**Work required**.
Repeat exactly the lines from the start of the entries below through the line containing "(\<lambda>i. real c". Omit the rest.

(Study material Opens)

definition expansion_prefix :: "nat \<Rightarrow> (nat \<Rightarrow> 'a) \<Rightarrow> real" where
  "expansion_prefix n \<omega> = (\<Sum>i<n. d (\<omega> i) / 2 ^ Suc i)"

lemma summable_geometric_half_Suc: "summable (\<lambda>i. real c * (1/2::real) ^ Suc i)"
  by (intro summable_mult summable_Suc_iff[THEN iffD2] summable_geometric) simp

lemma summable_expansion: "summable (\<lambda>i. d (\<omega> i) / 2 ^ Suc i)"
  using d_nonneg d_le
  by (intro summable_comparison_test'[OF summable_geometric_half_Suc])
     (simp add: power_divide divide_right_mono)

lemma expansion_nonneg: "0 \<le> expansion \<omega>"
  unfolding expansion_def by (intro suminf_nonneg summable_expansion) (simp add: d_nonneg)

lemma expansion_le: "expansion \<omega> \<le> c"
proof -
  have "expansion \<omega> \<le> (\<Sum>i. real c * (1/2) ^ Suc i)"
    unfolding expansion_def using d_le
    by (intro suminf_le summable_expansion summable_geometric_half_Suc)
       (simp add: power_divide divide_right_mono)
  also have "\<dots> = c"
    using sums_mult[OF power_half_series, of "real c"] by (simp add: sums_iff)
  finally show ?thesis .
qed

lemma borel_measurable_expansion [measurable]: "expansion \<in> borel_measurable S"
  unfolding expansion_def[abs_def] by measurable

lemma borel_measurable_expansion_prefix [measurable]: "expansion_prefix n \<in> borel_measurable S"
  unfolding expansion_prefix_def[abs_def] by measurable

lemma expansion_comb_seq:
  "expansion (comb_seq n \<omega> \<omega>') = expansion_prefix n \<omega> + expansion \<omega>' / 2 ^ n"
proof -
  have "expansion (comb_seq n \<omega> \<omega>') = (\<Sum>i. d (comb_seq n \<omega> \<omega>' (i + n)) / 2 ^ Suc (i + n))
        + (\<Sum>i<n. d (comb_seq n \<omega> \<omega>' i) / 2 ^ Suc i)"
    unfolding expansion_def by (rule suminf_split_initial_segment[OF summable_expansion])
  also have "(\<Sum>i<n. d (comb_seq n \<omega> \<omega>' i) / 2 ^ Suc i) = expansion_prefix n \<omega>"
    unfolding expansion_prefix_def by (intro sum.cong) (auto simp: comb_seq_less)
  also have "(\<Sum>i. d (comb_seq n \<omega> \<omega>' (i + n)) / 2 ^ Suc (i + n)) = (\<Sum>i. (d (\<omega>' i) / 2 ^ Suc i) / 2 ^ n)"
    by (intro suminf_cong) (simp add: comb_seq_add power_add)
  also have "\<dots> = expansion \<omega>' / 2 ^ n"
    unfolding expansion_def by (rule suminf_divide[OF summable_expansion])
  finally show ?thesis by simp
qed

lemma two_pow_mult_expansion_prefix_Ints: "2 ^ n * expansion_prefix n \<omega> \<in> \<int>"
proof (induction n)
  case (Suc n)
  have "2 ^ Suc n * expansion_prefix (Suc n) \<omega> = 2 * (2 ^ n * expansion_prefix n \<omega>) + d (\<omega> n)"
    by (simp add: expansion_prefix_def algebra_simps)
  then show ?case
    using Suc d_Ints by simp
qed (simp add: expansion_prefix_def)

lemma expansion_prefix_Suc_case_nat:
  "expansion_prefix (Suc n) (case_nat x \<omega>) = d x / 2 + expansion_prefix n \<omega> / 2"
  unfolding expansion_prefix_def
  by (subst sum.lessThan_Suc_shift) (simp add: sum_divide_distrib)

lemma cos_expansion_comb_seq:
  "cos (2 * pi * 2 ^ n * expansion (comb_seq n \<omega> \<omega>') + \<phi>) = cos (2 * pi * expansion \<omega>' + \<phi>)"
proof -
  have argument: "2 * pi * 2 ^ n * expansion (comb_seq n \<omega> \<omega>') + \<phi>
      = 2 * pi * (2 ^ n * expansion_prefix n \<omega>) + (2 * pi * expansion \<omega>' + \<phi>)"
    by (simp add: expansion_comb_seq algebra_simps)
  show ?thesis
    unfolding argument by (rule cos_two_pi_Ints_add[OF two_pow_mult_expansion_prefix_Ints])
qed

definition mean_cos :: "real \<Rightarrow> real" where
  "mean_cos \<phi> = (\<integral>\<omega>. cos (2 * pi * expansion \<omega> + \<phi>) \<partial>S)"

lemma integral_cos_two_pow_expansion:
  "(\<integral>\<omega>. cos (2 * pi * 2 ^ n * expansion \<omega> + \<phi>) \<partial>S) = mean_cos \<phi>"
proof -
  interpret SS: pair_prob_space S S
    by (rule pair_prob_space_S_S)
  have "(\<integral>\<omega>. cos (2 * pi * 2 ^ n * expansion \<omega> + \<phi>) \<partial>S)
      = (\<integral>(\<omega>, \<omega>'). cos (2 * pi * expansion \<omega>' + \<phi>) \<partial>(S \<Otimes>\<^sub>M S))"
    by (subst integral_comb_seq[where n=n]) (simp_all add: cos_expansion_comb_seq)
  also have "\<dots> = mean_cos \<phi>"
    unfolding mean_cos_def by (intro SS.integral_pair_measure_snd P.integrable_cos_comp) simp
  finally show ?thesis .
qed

(Study material Closes)

**Result below**.
definition expansion_prefix :: "nat \<Rightarrow> (nat \<Rightarrow> 'a) \<Rightarrow> real" where
  "expansion_prefix n \<omega> = (\<Sum>i<n. d (\<omega> i) / 2 ^ Suc i)"

lemma summable_geometric_half_Suc: "summable (\<lambda>i. real c * (1/2::real) ^ Suc i)"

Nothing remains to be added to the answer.